Мадам Анусе подняла голову: он был неподвижен, с простертыми руками, его пронзительный голос отмечал ритм мелодии с восхитительной методичностью (особенно бесконечным казалось «misera-ti-o-num»). Оторопевшая мадам Анусе украдкой надула губы и снова опустила голову. Поначалу Эпонина не обращала внимания на странное поведение аббата. Держа руки на бортах пальто, с приподнятой шевелюрой, приоткрытыми губами — в ней было все так прекрасно и так распутно, что мне хотелось в опьянении ответить на жалобное пение аббата какой-нибудь развеселой песенкой.

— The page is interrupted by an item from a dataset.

(* Let $M$ be any finite message set containing distinct messages $m_L,m_R$. Then $\sigma_L$ and $\sigma_R$ are neutrally stable strategies of $\langle\Gamma,M\rangle$. Moreover, if $M=\{m_L,m_R\}$, then $\sigma_L$ and $\sigma_R$ are evolutionarily stable strategies.
   Context: Game $\langle\Gamma,M\rangle$: two players; types drawn independently from a distribution on $U=[0,1]$ with continuous CDF $F$ and density $f>0$ on $[0,1]$. Each chooses $L$ or $R$; a player of type $u$ gets $1-u$ if both choose $L$, $u$ if both choose $R$, and $0$ otherwise. After learning types, players simultaneously send publicly observed costless messages from $M$. A strategy is $\sigma=(\mu,\xi)$ with $\mu:U\to\Delta(M)$ measurable ($\mu_u(m)$ = probability type $u$ sends $m$) and $\xi:M\times M\to[0,1]$: a player who sent $m$ and observes $m'$ plays $L$ iff her type $u\le\xi(m,m')$. $\Sigma$ is the set of strategies. $\bar\mu(m)=\int_0^1\mu_u(m)f(u)du$, $\mathrm{supp}(\bar\mu)=\{m:\bar\mu(m)>0\}$. For $m\in\mathrm{supp}(\bar\mu)$, $F_m$ is the CDF with density $f(u)\mu_u(m)/\bar\mu(m)$. Payoffs: $\pi_{u,v}(\sigma,\sigma')=\sum_{m,m'}\mu_u(m)\mu'_v(m')[(1-u)\mathbf 1\{u\le\xi(m,m')\}\mathbf 1\{v\le\xi'(m',m)\}+u\mathbf 1\{u>\xi(m,m')\}\mathbf 1\{v>\xi'(m',m)\}]$, $\pi_u(\sigma,\sigma')=\int_0^1\pi_{u,v}f(v)dv$, $\pi(\sigma,\sigma')=\int_0^1\pi_u(\sigma,\sigma')f(u)du$. $\sigma\in\mathcal E$ (equilibrium) if $\pi_u(\sigma,\sigma)\ge\pi_u(\sigma',\sigma)$ for all $u,\sigma'$. $\sigma=(\mu,\xi)$ and $\tilde\sigma=(\tilde\mu,\tilde\xi)$ are equivalent ($\sigma\approx\tilde\sigma$) if for almost all types $u$ (w.r.t. $f$), $\mu_u(m)=\tilde\mu_u(m)$ for all $m\in M$, and $F_m(\xi(m,m'))=F_m(\tilde\xi(m,m'))$ for all $m,m'\in\mathrm{supp}(\bar\mu)$. An equilibrium strategy $\sigma$ is neutrally stable if for every $\tilde\sigma\not\approx\sigma$, $\pi(\tilde\sigma,\sigma)=\pi(\sigma,\sigma)$ implies $\pi(\sigma,\tilde\sigma)\ge\pi(\tilde\sigma,\tilde\sigma)$; it is evolutionarily stable if moreover the last inequality is strict. $\mu^*(u)=m_L$ if $u\le1/2$, $m_R$ if $u>1/2$ (with probability one). $\xi_L(m,m')=0$ if $m=m'=m_R$ and $1$ otherwise; $\xi_R(m,m')=1$ if $m=m'=m_L$ and $0$ otherwise. $\sigma_L=(\mu^*,\xi_L)$, $\sigma_R=(\mu^*,\xi_R)$. *)

theory Defs
  imports "HOL-Analysis.Analysis"
begin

Эпонина вызывала у меня ассоциацию с аккордеоном, но бедные деревенские танцульки или мюзик-холл, в котором она пела (среди голых манекенов), казались мне просто смехотворными по сравнению со столь явным ее триумфом. Для того чтобы действительно достойно воспеть славу ее, вся церковь должна была бы огласиться звуками органа и резкими криками хора. Мне казалась просто дурацкой та песенка на идиотский мотивчик, которая мне так нравилась раньше в ее исполнении:
У нее золотойХарактер, вот умора, Элеонора9.
И я воображал себе восклицание: «Те Deum!»10 В один прекрасный день улыбка восхищенной злобы завершает резкое, как смерть, движение: она была его концом и знаком. Так и я, во всей моей нежности, вознесся от одного приветственного возгласа — счастливого, бесконечного, но уже близкого к забвению. Эпонина, явно пробудившись от ошеломлявшей ее грезы, увидела аббата и в тот же миг захохотала, да так сильно, что от смеха даже не удержалась на ногах; она отвернулась и наклонилась над балюстрадой, она покатывалась со смеху, как ребенок. Она хохотала, обхватив руками голову, а когда аббат, перебитый этим полуприглушенным кудахтаньем, поднял голову, то он, с простертыми вверх руками, увидел перед собой голый зад: ветер приподнял полы пальто, которое ей уже не удалось удержать, когда смех обезоружил ее.